Collected data entries:
=====

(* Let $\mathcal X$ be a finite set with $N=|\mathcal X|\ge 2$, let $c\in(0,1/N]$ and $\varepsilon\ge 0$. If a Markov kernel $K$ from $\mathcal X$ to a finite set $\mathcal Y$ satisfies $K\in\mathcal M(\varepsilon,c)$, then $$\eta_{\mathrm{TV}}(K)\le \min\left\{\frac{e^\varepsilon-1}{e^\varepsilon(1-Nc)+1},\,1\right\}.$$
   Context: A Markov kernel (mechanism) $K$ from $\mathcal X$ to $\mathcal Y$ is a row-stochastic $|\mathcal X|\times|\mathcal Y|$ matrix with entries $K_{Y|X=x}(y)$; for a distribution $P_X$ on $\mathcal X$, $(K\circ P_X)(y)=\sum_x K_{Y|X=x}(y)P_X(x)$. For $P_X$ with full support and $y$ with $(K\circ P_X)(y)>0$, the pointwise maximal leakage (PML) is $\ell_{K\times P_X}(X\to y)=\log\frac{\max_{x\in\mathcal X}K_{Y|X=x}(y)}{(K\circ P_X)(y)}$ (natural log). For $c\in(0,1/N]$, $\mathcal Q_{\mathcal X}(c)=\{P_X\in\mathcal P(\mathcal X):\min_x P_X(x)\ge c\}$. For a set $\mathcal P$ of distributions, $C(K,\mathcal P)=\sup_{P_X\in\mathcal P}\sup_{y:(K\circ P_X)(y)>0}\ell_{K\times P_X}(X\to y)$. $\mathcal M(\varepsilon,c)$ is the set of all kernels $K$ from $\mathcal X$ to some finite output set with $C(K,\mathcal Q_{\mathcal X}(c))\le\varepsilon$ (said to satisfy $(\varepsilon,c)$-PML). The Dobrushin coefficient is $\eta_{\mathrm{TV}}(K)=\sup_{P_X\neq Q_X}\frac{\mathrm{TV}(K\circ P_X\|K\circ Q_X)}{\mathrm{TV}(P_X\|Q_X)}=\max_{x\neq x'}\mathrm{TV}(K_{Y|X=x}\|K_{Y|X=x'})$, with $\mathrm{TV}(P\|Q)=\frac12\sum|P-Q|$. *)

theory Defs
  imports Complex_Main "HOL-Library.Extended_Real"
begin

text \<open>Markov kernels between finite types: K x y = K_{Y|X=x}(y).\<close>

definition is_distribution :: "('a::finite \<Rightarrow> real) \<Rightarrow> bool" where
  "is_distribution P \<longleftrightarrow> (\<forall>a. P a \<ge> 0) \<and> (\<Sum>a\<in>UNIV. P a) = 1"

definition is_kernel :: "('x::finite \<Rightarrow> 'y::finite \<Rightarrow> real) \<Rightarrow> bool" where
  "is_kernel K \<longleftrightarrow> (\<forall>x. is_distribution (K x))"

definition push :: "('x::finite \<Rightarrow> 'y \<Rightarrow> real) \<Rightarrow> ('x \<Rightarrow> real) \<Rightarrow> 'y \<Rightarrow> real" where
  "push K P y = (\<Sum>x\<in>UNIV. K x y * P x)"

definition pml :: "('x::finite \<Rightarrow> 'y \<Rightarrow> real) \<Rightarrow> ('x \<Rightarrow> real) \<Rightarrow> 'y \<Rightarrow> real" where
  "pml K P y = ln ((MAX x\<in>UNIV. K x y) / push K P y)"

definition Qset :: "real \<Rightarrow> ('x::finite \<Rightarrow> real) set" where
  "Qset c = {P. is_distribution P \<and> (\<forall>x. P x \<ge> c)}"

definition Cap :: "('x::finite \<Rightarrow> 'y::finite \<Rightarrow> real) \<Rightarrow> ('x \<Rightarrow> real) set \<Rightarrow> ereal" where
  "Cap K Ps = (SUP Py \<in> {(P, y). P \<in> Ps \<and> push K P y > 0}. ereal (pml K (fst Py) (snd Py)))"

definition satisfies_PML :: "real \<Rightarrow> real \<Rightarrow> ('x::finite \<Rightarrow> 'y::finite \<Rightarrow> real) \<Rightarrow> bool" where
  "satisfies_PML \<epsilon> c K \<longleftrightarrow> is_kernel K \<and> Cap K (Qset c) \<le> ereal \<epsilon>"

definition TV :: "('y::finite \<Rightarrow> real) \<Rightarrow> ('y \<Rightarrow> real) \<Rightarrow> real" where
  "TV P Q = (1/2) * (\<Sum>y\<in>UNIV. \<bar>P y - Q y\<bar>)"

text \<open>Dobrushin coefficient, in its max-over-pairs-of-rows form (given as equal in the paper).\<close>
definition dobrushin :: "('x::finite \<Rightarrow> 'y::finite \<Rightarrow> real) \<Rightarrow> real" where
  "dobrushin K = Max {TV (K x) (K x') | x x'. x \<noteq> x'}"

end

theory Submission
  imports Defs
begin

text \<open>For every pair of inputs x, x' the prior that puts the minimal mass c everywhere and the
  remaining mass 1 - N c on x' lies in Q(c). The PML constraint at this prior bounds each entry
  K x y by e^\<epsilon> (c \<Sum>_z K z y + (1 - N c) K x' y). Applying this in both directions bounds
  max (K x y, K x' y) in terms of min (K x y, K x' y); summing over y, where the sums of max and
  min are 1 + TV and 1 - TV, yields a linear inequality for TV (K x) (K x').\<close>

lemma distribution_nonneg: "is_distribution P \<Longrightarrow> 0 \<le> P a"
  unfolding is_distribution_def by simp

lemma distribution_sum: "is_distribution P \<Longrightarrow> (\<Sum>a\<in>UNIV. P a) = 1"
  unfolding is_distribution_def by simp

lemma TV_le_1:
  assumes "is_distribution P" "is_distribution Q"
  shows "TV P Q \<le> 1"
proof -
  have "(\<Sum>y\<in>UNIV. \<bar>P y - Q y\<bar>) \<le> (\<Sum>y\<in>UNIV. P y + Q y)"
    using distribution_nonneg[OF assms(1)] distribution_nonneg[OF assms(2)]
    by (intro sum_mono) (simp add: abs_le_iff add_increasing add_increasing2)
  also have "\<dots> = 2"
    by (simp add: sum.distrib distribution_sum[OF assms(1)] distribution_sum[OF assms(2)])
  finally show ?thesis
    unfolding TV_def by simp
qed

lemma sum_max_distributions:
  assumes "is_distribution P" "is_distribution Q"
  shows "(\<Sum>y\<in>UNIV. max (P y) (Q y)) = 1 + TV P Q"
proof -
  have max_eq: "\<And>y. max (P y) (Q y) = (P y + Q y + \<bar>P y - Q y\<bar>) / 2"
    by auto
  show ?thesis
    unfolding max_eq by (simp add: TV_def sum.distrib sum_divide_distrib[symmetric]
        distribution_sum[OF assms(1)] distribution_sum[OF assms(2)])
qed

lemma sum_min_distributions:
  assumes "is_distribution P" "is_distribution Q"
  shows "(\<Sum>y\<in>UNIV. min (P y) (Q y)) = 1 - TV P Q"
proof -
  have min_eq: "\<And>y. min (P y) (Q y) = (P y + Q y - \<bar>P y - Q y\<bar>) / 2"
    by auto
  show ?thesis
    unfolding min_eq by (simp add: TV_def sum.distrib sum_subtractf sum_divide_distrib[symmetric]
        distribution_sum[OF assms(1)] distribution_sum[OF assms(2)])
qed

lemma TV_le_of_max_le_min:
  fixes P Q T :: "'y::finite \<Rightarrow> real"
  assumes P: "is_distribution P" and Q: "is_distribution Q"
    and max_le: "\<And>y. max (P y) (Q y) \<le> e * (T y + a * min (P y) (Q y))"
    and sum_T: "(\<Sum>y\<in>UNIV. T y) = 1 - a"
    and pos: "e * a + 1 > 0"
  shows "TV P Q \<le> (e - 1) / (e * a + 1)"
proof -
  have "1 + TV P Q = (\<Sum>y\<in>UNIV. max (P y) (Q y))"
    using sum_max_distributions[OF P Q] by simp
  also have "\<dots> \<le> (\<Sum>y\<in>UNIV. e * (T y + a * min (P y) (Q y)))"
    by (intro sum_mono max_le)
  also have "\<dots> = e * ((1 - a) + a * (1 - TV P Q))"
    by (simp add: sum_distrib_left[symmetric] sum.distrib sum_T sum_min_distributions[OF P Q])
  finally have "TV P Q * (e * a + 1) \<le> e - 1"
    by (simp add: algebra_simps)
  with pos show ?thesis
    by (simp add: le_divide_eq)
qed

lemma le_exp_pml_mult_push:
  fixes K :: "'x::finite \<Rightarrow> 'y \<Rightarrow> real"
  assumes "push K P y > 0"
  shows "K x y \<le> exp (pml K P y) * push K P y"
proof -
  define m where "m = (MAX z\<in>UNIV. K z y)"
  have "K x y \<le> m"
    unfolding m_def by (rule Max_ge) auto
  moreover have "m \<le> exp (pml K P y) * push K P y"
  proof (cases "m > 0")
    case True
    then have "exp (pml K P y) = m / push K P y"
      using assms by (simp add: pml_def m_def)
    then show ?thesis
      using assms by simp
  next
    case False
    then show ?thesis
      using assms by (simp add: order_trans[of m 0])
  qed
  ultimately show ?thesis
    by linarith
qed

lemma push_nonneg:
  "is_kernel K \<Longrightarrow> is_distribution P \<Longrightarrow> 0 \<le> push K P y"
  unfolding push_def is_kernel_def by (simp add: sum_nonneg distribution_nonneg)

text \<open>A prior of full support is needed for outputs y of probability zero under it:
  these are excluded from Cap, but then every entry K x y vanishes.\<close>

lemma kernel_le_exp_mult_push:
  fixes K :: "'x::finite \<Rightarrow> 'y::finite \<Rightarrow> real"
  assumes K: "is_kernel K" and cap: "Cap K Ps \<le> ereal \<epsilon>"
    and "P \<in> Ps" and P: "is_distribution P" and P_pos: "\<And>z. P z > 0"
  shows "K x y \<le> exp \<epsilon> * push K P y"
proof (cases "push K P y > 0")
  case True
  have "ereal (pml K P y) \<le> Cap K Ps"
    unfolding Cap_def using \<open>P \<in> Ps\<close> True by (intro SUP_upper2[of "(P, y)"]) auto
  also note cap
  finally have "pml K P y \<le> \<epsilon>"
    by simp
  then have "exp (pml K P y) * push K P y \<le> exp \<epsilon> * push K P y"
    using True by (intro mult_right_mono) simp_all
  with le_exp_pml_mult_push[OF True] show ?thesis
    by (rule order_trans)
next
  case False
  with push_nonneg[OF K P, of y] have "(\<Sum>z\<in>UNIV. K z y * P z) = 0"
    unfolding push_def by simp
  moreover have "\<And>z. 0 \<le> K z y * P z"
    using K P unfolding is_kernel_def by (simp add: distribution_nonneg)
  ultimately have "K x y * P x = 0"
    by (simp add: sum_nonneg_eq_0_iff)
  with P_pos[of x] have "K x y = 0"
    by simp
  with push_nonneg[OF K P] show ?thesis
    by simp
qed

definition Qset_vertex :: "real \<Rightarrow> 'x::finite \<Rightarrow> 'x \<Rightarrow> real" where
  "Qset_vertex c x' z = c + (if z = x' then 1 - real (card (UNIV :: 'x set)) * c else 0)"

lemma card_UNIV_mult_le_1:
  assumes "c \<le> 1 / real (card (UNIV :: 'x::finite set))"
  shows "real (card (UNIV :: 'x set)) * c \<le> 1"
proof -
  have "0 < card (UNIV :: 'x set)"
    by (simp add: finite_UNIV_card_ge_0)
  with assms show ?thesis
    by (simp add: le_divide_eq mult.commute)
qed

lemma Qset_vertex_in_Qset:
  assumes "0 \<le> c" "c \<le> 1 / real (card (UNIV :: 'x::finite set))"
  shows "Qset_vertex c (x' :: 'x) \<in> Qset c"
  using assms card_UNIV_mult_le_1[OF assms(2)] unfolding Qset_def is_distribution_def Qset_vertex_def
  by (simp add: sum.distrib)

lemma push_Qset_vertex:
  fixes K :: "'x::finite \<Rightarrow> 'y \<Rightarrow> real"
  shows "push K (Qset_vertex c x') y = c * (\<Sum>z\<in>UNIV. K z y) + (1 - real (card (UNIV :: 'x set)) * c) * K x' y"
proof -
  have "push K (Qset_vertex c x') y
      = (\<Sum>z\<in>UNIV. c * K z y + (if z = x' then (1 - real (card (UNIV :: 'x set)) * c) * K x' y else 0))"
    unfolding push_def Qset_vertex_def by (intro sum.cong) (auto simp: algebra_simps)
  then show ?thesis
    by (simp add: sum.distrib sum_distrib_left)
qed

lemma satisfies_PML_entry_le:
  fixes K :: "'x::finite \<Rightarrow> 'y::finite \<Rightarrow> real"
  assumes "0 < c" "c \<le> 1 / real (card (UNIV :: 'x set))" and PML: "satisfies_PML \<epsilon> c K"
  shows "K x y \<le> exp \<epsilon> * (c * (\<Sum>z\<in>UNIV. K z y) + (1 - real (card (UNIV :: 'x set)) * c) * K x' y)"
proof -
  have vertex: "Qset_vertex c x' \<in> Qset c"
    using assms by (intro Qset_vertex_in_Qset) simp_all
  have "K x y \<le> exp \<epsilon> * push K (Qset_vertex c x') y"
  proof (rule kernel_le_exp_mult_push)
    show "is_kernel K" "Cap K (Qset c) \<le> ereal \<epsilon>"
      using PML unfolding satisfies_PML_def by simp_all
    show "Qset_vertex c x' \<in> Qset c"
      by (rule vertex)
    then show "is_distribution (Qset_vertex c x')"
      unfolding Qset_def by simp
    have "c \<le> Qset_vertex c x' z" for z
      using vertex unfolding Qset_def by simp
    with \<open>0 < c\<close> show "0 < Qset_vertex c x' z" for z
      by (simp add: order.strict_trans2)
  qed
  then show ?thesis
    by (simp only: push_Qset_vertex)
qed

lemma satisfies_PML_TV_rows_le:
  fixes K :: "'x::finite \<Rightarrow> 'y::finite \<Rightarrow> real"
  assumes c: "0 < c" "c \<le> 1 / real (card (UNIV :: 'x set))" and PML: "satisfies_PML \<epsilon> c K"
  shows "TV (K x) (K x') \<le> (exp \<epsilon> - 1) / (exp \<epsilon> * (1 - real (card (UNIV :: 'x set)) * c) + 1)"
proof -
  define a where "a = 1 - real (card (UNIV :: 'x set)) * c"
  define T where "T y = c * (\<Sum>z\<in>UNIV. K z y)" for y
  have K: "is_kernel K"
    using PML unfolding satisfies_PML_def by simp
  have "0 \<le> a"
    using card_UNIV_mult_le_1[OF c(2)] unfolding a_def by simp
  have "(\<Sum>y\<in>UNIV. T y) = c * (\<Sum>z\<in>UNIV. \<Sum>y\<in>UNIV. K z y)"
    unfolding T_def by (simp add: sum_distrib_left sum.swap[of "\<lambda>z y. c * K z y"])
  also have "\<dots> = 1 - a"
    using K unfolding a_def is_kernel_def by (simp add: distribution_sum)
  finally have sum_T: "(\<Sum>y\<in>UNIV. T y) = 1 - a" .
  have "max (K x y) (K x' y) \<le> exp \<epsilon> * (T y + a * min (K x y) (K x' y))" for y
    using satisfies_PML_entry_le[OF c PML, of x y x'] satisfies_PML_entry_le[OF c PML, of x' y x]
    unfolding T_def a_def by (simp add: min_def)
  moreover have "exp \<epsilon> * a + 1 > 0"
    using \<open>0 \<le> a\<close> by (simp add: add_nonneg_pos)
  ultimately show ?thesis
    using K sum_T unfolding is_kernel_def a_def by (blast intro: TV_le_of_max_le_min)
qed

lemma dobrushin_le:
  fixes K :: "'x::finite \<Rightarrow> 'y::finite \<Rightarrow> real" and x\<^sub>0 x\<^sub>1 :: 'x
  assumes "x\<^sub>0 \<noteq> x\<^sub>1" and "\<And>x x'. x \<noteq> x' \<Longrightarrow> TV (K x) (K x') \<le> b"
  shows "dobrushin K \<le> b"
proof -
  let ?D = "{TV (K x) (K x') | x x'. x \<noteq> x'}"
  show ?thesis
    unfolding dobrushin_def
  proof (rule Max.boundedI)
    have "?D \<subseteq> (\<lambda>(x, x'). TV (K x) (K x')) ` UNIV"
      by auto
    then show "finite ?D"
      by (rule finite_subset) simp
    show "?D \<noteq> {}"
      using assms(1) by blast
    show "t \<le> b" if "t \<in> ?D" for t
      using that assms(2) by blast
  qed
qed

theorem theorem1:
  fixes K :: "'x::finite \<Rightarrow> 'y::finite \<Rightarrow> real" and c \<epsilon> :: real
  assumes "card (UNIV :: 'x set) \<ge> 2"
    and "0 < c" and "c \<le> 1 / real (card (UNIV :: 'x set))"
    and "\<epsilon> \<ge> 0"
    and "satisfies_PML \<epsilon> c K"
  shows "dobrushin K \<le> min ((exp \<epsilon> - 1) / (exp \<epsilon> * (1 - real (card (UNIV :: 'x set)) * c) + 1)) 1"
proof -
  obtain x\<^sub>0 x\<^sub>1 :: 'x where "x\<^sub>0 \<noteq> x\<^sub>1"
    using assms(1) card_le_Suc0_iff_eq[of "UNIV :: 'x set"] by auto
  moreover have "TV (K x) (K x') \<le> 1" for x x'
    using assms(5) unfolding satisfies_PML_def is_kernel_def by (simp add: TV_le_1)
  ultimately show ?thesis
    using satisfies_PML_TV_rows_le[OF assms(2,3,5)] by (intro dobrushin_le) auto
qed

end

=====

→ What you should do:
Those lines above that contain the string "mass" should be returned.

→ Result of the exercise:
text \<open>For every pair of inputs x, x' the prior that puts the minimal mass c everywhere and the
  remaining mass 1 - N c on x' lies in Q(c). The PML constraint at this prior bounds each entry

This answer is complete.